PROBLEM DESCRIPTION. Restate the whole listing exactly, leaving nothing out.

DATA FOR REVIEW.
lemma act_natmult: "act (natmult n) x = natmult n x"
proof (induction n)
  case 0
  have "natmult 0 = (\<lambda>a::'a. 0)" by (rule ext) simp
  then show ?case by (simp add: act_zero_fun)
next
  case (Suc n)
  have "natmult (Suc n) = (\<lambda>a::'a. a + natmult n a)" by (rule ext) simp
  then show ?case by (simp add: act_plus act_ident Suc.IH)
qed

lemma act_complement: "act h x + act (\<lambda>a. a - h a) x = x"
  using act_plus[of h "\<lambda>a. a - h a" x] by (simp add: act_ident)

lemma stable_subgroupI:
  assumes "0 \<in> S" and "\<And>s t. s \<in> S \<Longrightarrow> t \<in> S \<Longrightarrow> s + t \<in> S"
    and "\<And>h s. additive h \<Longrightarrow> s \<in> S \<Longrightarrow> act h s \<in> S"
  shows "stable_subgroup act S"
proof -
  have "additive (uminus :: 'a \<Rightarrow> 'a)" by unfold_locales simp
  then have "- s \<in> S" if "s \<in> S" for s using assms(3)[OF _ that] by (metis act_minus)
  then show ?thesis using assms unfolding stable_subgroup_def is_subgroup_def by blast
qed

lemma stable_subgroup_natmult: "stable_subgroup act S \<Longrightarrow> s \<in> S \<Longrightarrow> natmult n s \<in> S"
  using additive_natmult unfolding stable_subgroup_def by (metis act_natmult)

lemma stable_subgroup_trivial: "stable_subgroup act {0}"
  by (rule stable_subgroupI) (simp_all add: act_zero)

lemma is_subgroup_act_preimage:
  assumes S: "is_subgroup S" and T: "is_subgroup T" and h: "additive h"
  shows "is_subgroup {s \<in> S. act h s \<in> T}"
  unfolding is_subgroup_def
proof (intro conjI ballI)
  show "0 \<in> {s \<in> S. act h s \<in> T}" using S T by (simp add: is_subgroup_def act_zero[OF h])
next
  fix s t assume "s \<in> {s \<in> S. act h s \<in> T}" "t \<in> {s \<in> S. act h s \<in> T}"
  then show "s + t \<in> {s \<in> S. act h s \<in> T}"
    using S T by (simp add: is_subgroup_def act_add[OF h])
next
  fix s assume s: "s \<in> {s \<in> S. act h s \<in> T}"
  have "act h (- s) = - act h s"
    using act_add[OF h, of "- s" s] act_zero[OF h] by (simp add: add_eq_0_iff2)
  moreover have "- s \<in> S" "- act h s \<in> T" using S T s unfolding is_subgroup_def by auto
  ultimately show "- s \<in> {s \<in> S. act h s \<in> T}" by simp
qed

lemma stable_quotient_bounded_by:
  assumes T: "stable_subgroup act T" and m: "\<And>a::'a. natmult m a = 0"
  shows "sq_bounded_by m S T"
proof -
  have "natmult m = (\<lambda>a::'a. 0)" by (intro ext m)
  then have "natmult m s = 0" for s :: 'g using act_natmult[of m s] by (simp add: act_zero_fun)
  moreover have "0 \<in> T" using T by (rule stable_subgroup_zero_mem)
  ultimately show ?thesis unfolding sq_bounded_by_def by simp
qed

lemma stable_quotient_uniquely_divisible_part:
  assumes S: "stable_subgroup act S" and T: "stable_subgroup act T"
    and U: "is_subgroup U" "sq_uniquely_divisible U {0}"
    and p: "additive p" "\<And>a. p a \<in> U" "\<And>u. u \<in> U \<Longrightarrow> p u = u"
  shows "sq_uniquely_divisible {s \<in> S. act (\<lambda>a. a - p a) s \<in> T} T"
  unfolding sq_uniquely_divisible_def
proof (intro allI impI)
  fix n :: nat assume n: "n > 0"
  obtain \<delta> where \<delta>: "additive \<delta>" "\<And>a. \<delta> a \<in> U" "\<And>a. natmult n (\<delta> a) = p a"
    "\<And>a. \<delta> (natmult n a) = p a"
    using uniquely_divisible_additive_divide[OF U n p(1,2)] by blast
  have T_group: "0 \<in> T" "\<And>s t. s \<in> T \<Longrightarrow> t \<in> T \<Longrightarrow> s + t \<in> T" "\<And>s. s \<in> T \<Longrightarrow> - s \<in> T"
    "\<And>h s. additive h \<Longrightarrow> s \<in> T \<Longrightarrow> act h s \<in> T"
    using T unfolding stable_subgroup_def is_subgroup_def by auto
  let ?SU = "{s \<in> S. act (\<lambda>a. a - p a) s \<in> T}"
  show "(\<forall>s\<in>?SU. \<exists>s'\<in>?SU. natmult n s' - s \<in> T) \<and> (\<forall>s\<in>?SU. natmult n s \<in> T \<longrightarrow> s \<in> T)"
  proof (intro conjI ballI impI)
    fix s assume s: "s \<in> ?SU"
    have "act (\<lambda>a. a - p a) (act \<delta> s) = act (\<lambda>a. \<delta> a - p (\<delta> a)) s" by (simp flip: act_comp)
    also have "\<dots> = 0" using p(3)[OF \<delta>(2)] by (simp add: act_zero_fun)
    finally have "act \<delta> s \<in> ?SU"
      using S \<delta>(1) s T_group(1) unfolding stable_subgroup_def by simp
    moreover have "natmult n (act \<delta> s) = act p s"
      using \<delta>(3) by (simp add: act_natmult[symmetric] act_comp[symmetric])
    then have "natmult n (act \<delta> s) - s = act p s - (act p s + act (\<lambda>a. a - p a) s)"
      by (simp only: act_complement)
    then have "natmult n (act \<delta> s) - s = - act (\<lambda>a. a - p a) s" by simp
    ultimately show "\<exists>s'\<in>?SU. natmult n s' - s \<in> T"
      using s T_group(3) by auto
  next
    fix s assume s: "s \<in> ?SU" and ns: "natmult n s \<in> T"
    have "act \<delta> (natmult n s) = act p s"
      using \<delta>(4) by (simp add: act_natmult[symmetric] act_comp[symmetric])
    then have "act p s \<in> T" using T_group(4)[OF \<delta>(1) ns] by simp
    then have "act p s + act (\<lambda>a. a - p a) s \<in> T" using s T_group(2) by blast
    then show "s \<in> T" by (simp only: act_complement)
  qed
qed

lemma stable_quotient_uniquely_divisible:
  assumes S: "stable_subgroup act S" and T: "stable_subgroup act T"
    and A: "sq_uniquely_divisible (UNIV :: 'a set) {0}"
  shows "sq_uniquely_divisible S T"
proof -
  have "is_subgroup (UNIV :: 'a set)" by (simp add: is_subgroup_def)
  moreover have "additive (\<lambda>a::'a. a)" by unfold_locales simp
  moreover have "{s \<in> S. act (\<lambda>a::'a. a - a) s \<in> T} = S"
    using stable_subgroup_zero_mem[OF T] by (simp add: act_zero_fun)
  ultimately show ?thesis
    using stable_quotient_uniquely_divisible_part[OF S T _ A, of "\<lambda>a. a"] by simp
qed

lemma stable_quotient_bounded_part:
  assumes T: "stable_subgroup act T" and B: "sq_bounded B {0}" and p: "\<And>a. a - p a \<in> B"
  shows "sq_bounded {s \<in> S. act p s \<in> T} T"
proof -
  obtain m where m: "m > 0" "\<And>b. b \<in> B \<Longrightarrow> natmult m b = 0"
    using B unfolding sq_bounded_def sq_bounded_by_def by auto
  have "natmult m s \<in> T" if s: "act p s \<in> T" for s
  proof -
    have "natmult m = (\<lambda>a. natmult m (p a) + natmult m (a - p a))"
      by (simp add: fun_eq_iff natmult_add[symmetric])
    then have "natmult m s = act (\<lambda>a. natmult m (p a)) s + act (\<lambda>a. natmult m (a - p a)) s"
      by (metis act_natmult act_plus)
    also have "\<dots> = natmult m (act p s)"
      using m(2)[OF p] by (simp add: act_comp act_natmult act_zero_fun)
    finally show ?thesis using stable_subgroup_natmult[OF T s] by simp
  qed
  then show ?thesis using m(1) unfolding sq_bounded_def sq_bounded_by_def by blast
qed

WRITTEN RESPONSE.
lemma act_natmult: "act (natmult n) x = natmult n x"
proof (induction n)
  case 0
  have "natmult 0 = (\<lambda>a::'a. 0)" by (rule ext) simp
  then show ?case by (simp add: act_zero_fun)
next
  case (Suc n)
  have "natmult (Suc n) = (\<lambda>a::'a. a + natmult n a)" by (rule ext) simp
  then show ?case by (simp add: act_plus act_ident Suc.IH)
qed

lemma act_complement: "act h x + act (\<lambda>a. a - h a) x = x"
  using act_plus[of h "\<lambda>a. a - h a" x] by (simp add: act_ident)

lemma stable_subgroupI:
  assumes "0 \<in> S" and "\<And>s t. s \<in> S \<Longrightarrow> t \<in> S \<Longrightarrow> s + t \<in> S"
    and "\<And>h s. additive h \<Longrightarrow> s \<in> S \<Longrightarrow> act h s \<in> S"
  shows "stable_subgroup act S"
proof -
  have "additive (uminus :: 'a \<Rightarrow> 'a)" by unfold_locales simp
  then have "- s \<in> S" if "s \<in> S" for s using assms(3)[OF _ that] by (metis act_minus)
  then show ?thesis using assms unfolding stable_subgroup_def is_subgroup_def by blast
qed

lemma stable_subgroup_natmult: "stable_subgroup act S \<Longrightarrow> s \<in> S \<Longrightarrow> natmult n s \<in> S"
  using additive_natmult unfolding stable_subgroup_def by (metis act_natmult)

lemma stable_subgroup_trivial: "stable_subgroup act {0}"
  by (rule stable_subgroupI) (simp_all add: act_zero)

lemma is_subgroup_act_preimage:
  assumes S: "is_subgroup S" and T: "is_subgroup T" and h: "additive h"
  shows "is_subgroup {s \<in> S. act h s \<in> T}"
  unfolding is_subgroup_def
proof (intro conjI ballI)
  show "0 \<in> {s \<in> S. act h s \<in> T}" using S T by (simp add: is_subgroup_def act_zero[OF h])
next
  fix s t assume "s \<in> {s \<in> S. act h s \<in> T}" "t \<in> {s \<in> S. act h s \<in> T}"
  then show "s + t \<in> {s \<in> S. act h s \<in> T}"
    using S T by (simp add: is_subgroup_def act_add[OF h])
next
  fix s assume s: "s \<in> {s \<in> S. act h s \<in> T}"
  have "act h (- s) = - act h s"
    using act_add[OF h, of "- s" s] act_zero[OF h] by (simp add: add_eq_0_iff2)
  moreover have "- s \<in> S" "- act h s \<in> T" using S T s unfolding is_subgroup_def by auto
  ultimately show "- s \<in> {s \<in> S. act h s \<in> T}" by simp
qed

lemma stable_quotient_bounded_by:
  assumes T: "stable_subgroup act T" and m: "\<And>a::'a. natmult m a = 0"
  shows "sq_bounded_by m S T"
proof -
  have "natmult m = (\<lambda>a::'a. 0)" by (intro ext m)
  then have "natmult m s = 0" for s :: 'g using act_natmult[of m s] by (simp add: act_zero_fun)
  moreover have "0 \<in> T" using T by (rule stable_subgroup_zero_mem)
  ultimately show ?thesis unfolding sq_bounded_by_def by simp
qed

lemma stable_quotient_uniquely_divisible_part:
  assumes S: "stable_subgroup act S" and T: "stable_subgroup act T"
    and U: "is_subgroup U" "sq_uniquely_divisible U {0}"
    and p: "additive p" "\<And>a. p a \<in> U" "\<And>u. u \<in> U \<Longrightarrow> p u = u"
  shows "sq_uniquely_divisible {s \<in> S. act (\<lambda>a. a - p a) s \<in> T} T"
  unfolding sq_uniquely_divisible_def
proof (intro allI impI)
  fix n :: nat assume n: "n > 0"
  obtain \<delta> where \<delta>: "additive \<delta>" "\<And>a. \<delta> a \<in> U" "\<And>a. natmult n (\<delta> a) = p a"
    "\<And>a. \<delta> (natmult n a) = p a"
    using uniquely_divisible_additive_divide[OF U n p(1,2)] by blast
  have T_group: "0 \<in> T" "\<And>s t. s \<in> T \<Longrightarrow> t \<in> T \<Longrightarrow> s + t \<in> T" "\<And>s. s \<in> T \<Longrightarrow> - s \<in> T"
    "\<And>h s. additive h \<Longrightarrow> s \<in> T \<Longrightarrow> act h s \<in> T"
    using T unfolding stable_subgroup_def is_subgroup_def by auto
  let ?SU = "{s \<in> S. act (\<lambda>a. a - p a) s \<in> T}"
  show "(\<forall>s\<in>?SU. \<exists>s'\<in>?SU. natmult n s' - s \<in> T) \<and> (\<forall>s\<in>?SU. natmult n s \<in> T \<longrightarrow> s \<in> T)"
  proof (intro conjI ballI impI)
    fix s assume s: "s \<in> ?SU"
    have "act (\<lambda>a. a - p a) (act \<delta> s) = act (\<lambda>a. \<delta> a - p (\<delta> a)) s" by (simp flip: act_comp)
    also have "\<dots> = 0" using p(3)[OF \<delta>(2)] by (simp add: act_zero_fun)
    finally have "act \<delta> s \<in> ?SU"
      using S \<delta>(1) s T_group(1) unfolding stable_subgroup_def by simp
    moreover have "natmult n (act \<delta> s) = act p s"
      using \<delta>(3) by (simp add: act_natmult[symmetric] act_comp[symmetric])
    then have "natmult n (act \<delta> s) - s = act p s - (act p s + act (\<lambda>a. a - p a) s)"
      by (simp only: act_complement)
    then have "natmult n (act \<delta> s) - s = - act (\<lambda>a. a - p a) s" by simp
    ultimately show "\<exists>s'\<in>?SU. natmult n s' - s \<in> T"
      using s T_group(3) by auto
  next
    fix s assume s: "s \<in> ?SU" and ns: "natmult n s \<in> T"
    have "act \<delta> (natmult n s) = act p s"
      using \<delta>(4) by (simp add: act_natmult[symmetric] act_comp[symmetric])
    then have "act p s \<in> T" using T_group(4)[OF \<delta>(1) ns] by simp
    then have "act p s + act (\<lambda>a. a - p a) s \<in> T" using s T_group(2) by blast
    then show "s \<in> T" by (simp only: act_complement)
  qed
qed

lemma stable_quotient_uniquely_divisible:
  assumes S: "stable_subgroup act S" and T: "stable_subgroup act T"
    and A: "sq_uniquely_divisible (UNIV :: 'a set) {0}"
  shows "sq_uniquely_divisible S T"
proof -
  have "is_subgroup (UNIV :: 'a set)" by (simp add: is_subgroup_def)
  moreover have "additive (\<lambda>a::'a. a)" by unfold_locales simp
  moreover have "{s \<in> S. act (\<lambda>a::'a. a - a) s \<in> T} = S"
    using stable_subgroup_zero_mem[OF T] by (simp add: act_zero_fun)
  ultimately show ?thesis
    using stable_quotient_uniquely_divisible_part[OF S T _ A, of "\<lambda>a. a"] by simp
qed

lemma stable_quotient_bounded_part:
  assumes T: "stable_subgroup act T" and B: "sq_bounded B {0}" and p: "\<And>a. a - p a \<in> B"
  shows "sq_bounded {s \<in> S. act p s \<in> T} T"
proof -
  obtain m where m: "m > 0" "\<And>b. b \<in> B \<Longrightarrow> natmult m b = 0"
    using B unfolding sq_bounded_def sq_bounded_by_def by auto
  have "natmult m s \<in> T" if s: "act p s \<in> T" for s
  proof -
    have "natmult m = (\<lambda>a. natmult m (p a) + natmult m (a - p a))"
      by (simp add: fun_eq_iff natmult_add[symmetric])
    then have "natmult m s = act (\<lambda>a. natmult m (p a)) s + act (\<lambda>a. natmult m (a - p a)) s"
      by (metis act_natmult act_plus)
    also have "\<dots> = natmult m (act p s)"
      using m(2)[OF p] by (simp add: act_comp act_natmult act_zero_fun)
    finally show ?thesis using stable_subgroup_natmult[OF T s] by simp
  qed
  then show ?thesis using m(1) unfolding sq_bounded_def sq_bounded_by_def by blast
qed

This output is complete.